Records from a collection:

(* For any subset $L\subset G$ we have $L^\#=L^{\#\#}+L^\bullet$ as ideals of $\kappa G^\#$.
   Context: Let $\kappa$ be a field of characteristic $0$. For a group $G$, let $*:\kappa G\to\kappa G$ be the $\kappa$-linear map with $g^*=g^{-1}$ for $g\in G$, and $(\kappa G)^*$ its fixed points. $A_G$ is the quotient of $\kappa G$ by the two-sided ideal generated by all $ab-ba$ with $a\in\kappa G$, $b\in(\kappa G)^*$; $*$ descends to $A_G$, and $\kappa G^\#=\{x\in A_G:x^*=x\}$ (a commutative subring of the centre of $A_G$). Group elements are identified with their images in $A_G$, and $\bar x=\tfrac12(x+x^* )$ for $x\in A_G$. For $L\subset G$: $L^\#$ is the ideal of $\kappa G^\#$ generated by $\{\overline{xl}-\bar x: x\in A_G, l\in L\}$; $L^{\#\#}$ is the ideal generated by $\{\overline{xl}-\overline{xl^{-1}}: x\in A_G, l\in L\}$; $L^\bullet$ is the ideal generated by $\{1-\bar l: l\in L\}$. *)

theory Defs
  imports "HOL-Algebra.QuotRing"
begin

text \<open>The group algebra kG of a group G (written additively via the type class group_add,
  which need not be commutative) over a field k, as finitely supported functions G -> k
  with convolution product.\<close>

definition gsupp :: "('g \<Rightarrow> 'k::zero) \<Rightarrow> 'g set" where
  "gsupp f = {g. f g \<noteq> 0}"

definition conv :: "('g::group_add \<Rightarrow> 'k::field) \<Rightarrow> ('g \<Rightarrow> 'k) \<Rightarrow> 'g \<Rightarrow> 'k" where
  "conv f h x = (\<Sum>y\<in>gsupp f. f y * h (- y + x))"

definition delta :: "'g::group_add \<Rightarrow> 'g \<Rightarrow> 'k::field" where
  "delta g = (\<lambda>x. if x = g then 1 else 0)"

definition grpalg :: "('g::group_add \<Rightarrow> 'k::field) ring" where
  "grpalg = \<lparr> carrier = {f. finite (gsupp f)},
              mult = conv,
              one = delta 0,
              zero = (\<lambda>_. 0),
              add = (\<lambda>f h x. f x + h x) \<rparr>"

definition star :: "('g::group_add \<Rightarrow> 'k) \<Rightarrow> 'g \<Rightarrow> 'k" where
  "star f = (\<lambda>g. f (- g))"

definition commIdeal :: "('g::group_add \<Rightarrow> 'k::field) set" where
  "commIdeal = genideal grpalg
     {a \<otimes>\<^bsub>grpalg\<^esub> b \<ominus>\<^bsub>grpalg\<^esub> b \<otimes>\<^bsub>grpalg\<^esub> a | a b.
        a \<in> carrier grpalg \<and> b \<in> carrier grpalg \<and> star b = b}"

definition AG :: "('g::group_add \<Rightarrow> 'k::field) set ring" where
  "AG = grpalg Quot commIdeal"

definition starA :: "('g::group_add \<Rightarrow> 'k) set \<Rightarrow> ('g \<Rightarrow> 'k) set" where
  "starA X = star ` X"

definition grpA :: "'g::group_add \<Rightarrow> ('g \<Rightarrow> 'k::field) set" where
  "grpA g = commIdeal +>\<^bsub>grpalg\<^esub> delta g"

definition halfA :: "('g::group_add \<Rightarrow> 'k::field_char_0) set" where
  "halfA = commIdeal +>\<^bsub>grpalg\<^esub> (\<lambda>x. if x = 0 then 1/2 else 0)"

definition barA :: "('g::group_add \<Rightarrow> 'k::field_char_0) set \<Rightarrow> ('g \<Rightarrow> 'k) set" where
  "barA X = halfA \<otimes>\<^bsub>AG\<^esub> (X \<oplus>\<^bsub>AG\<^esub> starA X)"

definition sharpRing :: "('g::group_add \<Rightarrow> 'k::field) set ring" where
  "sharpRing = AG \<lparr> carrier := {X \<in> carrier AG. starA X = X} \<rparr>"

definition Lsharp :: "'g::group_add set \<Rightarrow> ('g \<Rightarrow> 'k::field_char_0) set set" where
  "Lsharp L = genideal sharpRing
     {barA (x \<otimes>\<^bsub>AG\<^esub> grpA l) \<ominus>\<^bsub>AG\<^esub> barA x | x l. x \<in> carrier AG \<and> l \<in> L}"

definition Lsharpsharp :: "'g::group_add set \<Rightarrow> ('g \<Rightarrow> 'k::field_char_0) set set" where
  "Lsharpsharp L = genideal sharpRing
     {barA (x \<otimes>\<^bsub>AG\<^esub> grpA l) \<ominus>\<^bsub>AG\<^esub> barA (x \<otimes>\<^bsub>AG\<^esub> grpA (- l)) | x l.
        x \<in> carrier AG \<and> l \<in> L}"

definition Lbullet :: "'g::group_add set \<Rightarrow> ('g \<Rightarrow> 'k::field_char_0) set set" where
  "Lbullet L = genideal sharpRing
     {\<one>\<^bsub>AG\<^esub> \<ominus>\<^bsub>AG\<^esub> barA (grpA l) | l. l \<in> L}"

end

theory Submission
  imports Defs "HOL-Algebra.Subrings"
begin

(* For l in L let g and g' be the images of l and l^{-1} in A_G, and h = 1/2.
   Elements fixed by the involution are central in A_G, so kG^# is a commutative ring, and
   for every x in A_G
       bar(g) * bar(x) = h * (bar(x g) + bar(x g')).                                (KEY)
   Hence  bar(x g) - bar(x) = h * (bar(x g) - bar(x g')) - (1 - bar(g)) * bar(x),
   which puts every generator of L^# into L^## + L^bullet.  Conversely, with x' = x g',
       bar(x g) - bar(x g') = (bar(x g) - bar(x)) + (bar(x' g) - bar(x'))   and
       1 - bar(g) = -(bar(1 g) - bar(1)),
   so the generators of L^## and L^bullet lie in L^#. *)

lemma (in ring) genideal_eq_set_add:
  assumes "A \<subseteq> carrier R" "B \<subseteq> carrier R" "C \<subseteq> carrier R"
    and "A \<subseteq> Idl B <+>\<^bsub>R\<^esub> Idl C" "B \<subseteq> Idl A" "C \<subseteq> Idl A"
  shows "Idl A = Idl B <+>\<^bsub>R\<^esub> Idl C"
proof
  show "Idl A \<subseteq> Idl B <+>\<^bsub>R\<^esub> Idl C"
    using assms by (intro genideal_minimal add_ideals genideal_ideal)
  have "Idl B \<union> Idl C \<subseteq> Idl A"
    using assms by (intro Un_least genideal_minimal genideal_ideal)
  then have "Idl (Idl B \<union> Idl C) \<subseteq> Idl A"
    using assms by (intro genideal_minimal genideal_ideal)
  then show "Idl B <+>\<^bsub>R\<^esub> Idl C \<subseteq> Idl A"
    using assms by (simp add: union_genideal genideal_ideal)
qed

• PROBLEM DESCRIPTION:
Write out every entry exactly as it appears.

• RESPONSE TO THIS TASK:
(* For any subset $L\subset G$ we have $L^\#=L^{\#\#}+L^\bullet$ as ideals of $\kappa G^\#$.
   Context: Let $\kappa$ be a field of characteristic $0$. For a group $G$, let $*:\kappa G\to\kappa G$ be the $\kappa$-linear map with $g^*=g^{-1}$ for $g\in G$, and $(\kappa G)^*$ its fixed points. $A_G$ is the quotient of $\kappa G$ by the two-sided ideal generated by all $ab-ba$ with $a\in\kappa G$, $b\in(\kappa G)^*$; $*$ descends to $A_G$, and $\kappa G^\#=\{x\in A_G:x^*=x\}$ (a commutative subring of the centre of $A_G$). Group elements are identified with their images in $A_G$, and $\bar x=\tfrac12(x+x^* )$ for $x\in A_G$. For $L\subset G$: $L^\#$ is the ideal of $\kappa G^\#$ generated by $\{\overline{xl}-\bar x: x\in A_G, l\in L\}$; $L^{\#\#}$ is the ideal generated by $\{\overline{xl}-\overline{xl^{-1}}: x\in A_G, l\in L\}$; $L^\bullet$ is the ideal generated by $\{1-\bar l: l\in L\}$. *)

theory Defs
  imports "HOL-Algebra.QuotRing"
begin

text \<open>The group algebra kG of a group G (written additively via the type class group_add,
  which need not be commutative) over a field k, as finitely supported functions G -> k
  with convolution product.\<close>

definition gsupp :: "('g \<Rightarrow> 'k::zero) \<Rightarrow> 'g set" where
  "gsupp f = {g. f g \<noteq> 0}"

definition conv :: "('g::group_add \<Rightarrow> 'k::field) \<Rightarrow> ('g \<Rightarrow> 'k) \<Rightarrow> 'g \<Rightarrow> 'k" where
  "conv f h x = (\<Sum>y\<in>gsupp f. f y * h (- y + x))"

definition delta :: "'g::group_add \<Rightarrow> 'g \<Rightarrow> 'k::field" where
  "delta g = (\<lambda>x. if x = g then 1 else 0)"

definition grpalg :: "('g::group_add \<Rightarrow> 'k::field) ring" where
  "grpalg = \<lparr> carrier = {f. finite (gsupp f)},
              mult = conv,
              one = delta 0,
              zero = (\<lambda>_. 0),
              add = (\<lambda>f h x. f x + h x) \<rparr>"

definition star :: "('g::group_add \<Rightarrow> 'k) \<Rightarrow> 'g \<Rightarrow> 'k" where
  "star f = (\<lambda>g. f (- g))"

definition commIdeal :: "('g::group_add \<Rightarrow> 'k::field) set" where
  "commIdeal = genideal grpalg
     {a \<otimes>\<^bsub>grpalg\<^esub> b \<ominus>\<^bsub>grpalg\<^esub> b \<otimes>\<^bsub>grpalg\<^esub> a | a b.
        a \<in> carrier grpalg \<and> b \<in> carrier grpalg \<and> star b = b}"

definition AG :: "('g::group_add \<Rightarrow> 'k::field) set ring" where
  "AG = grpalg Quot commIdeal"

definition starA :: "('g::group_add \<Rightarrow> 'k) set \<Rightarrow> ('g \<Rightarrow> 'k) set" where
  "starA X = star ` X"

definition grpA :: "'g::group_add \<Rightarrow> ('g \<Rightarrow> 'k::field) set" where
  "grpA g = commIdeal +>\<^bsub>grpalg\<^esub> delta g"

definition halfA :: "('g::group_add \<Rightarrow> 'k::field_char_0) set" where
  "halfA = commIdeal +>\<^bsub>grpalg\<^esub> (\<lambda>x. if x = 0 then 1/2 else 0)"

definition barA :: "('g::group_add \<Rightarrow> 'k::field_char_0) set \<Rightarrow> ('g \<Rightarrow> 'k) set" where
  "barA X = halfA \<otimes>\<^bsub>AG\<^esub> (X \<oplus>\<^bsub>AG\<^esub> starA X)"

definition sharpRing :: "('g::group_add \<Rightarrow> 'k::field) set ring" where
  "sharpRing = AG \<lparr> carrier := {X \<in> carrier AG. starA X = X} \<rparr>"

definition Lsharp :: "'g::group_add set \<Rightarrow> ('g \<Rightarrow> 'k::field_char_0) set set" where
  "Lsharp L = genideal sharpRing
     {barA (x \<otimes>\<^bsub>AG\<^esub> grpA l) \<ominus>\<^bsub>AG\<^esub> barA x | x l. x \<in> carrier AG \<and> l \<in> L}"

definition Lsharpsharp :: "'g::group_add set \<Rightarrow> ('g \<Rightarrow> 'k::field_char_0) set set" where
  "Lsharpsharp L = genideal sharpRing
     {barA (x \<otimes>\<^bsub>AG\<^esub> grpA l) \<ominus>\<^bsub>AG\<^esub> barA (x \<otimes>\<^bsub>AG\<^esub> grpA (- l)) | x l.
        x \<in> carrier AG \<and> l \<in> L}"

definition Lbullet :: "'g::group_add set \<Rightarrow> ('g \<Rightarrow> 'k::field_char_0) set set" where
  "Lbullet L = genideal sharpRing
     {\<one>\<^bsub>AG\<^esub> \<ominus>\<^bsub>AG\<^esub> barA (grpA l) | l. l \<in> L}"

end

theory Submission
  imports Defs "HOL-Algebra.Subrings"
begin

(* For l in L let g and g' be the images of l and l^{-1} in A_G, and h = 1/2.
   Elements fixed by the involution are central in A_G, so kG^# is a commutative ring, and
   for every x in A_G
       bar(g) * bar(x) = h * (bar(x g) + bar(x g')).                                (KEY)
   Hence  bar(x g) - bar(x) = h * (bar(x g) - bar(x g')) - (1 - bar(g)) * bar(x),
   which puts every generator of L^# into L^## + L^bullet.  Conversely, with x' = x g',
       bar(x g) - bar(x g') = (bar(x g) - bar(x)) + (bar(x' g) - bar(x'))   and
       1 - bar(g) = -(bar(1 g) - bar(1)),
   so the generators of L^## and L^bullet lie in L^#. *)

lemma (in ring) genideal_eq_set_add:
  assumes "A \<subseteq> carrier R" "B \<subseteq> carrier R" "C \<subseteq> carrier R"
    and "A \<subseteq> Idl B <+>\<^bsub>R\<^esub> Idl C" "B \<subseteq> Idl A" "C \<subseteq> Idl A"
  shows "Idl A = Idl B <+>\<^bsub>R\<^esub> Idl C"
proof
  show "Idl A \<subseteq> Idl B <+>\<^bsub>R\<^esub> Idl C"
    using assms by (intro genideal_minimal add_ideals genideal_ideal)
  have "Idl B \<union> Idl C \<subseteq> Idl A"
    using assms by (intro Un_least genideal_minimal genideal_ideal)
  then have "Idl (Idl B \<union> Idl C) \<subseteq> Idl A"
    using assms by (intro genideal_minimal genideal_ideal)
  then show "Idl B <+>\<^bsub>R\<^esub> Idl C \<subseteq> Idl A"
    using assms by (simp add: union_genideal genideal_ideal)
qed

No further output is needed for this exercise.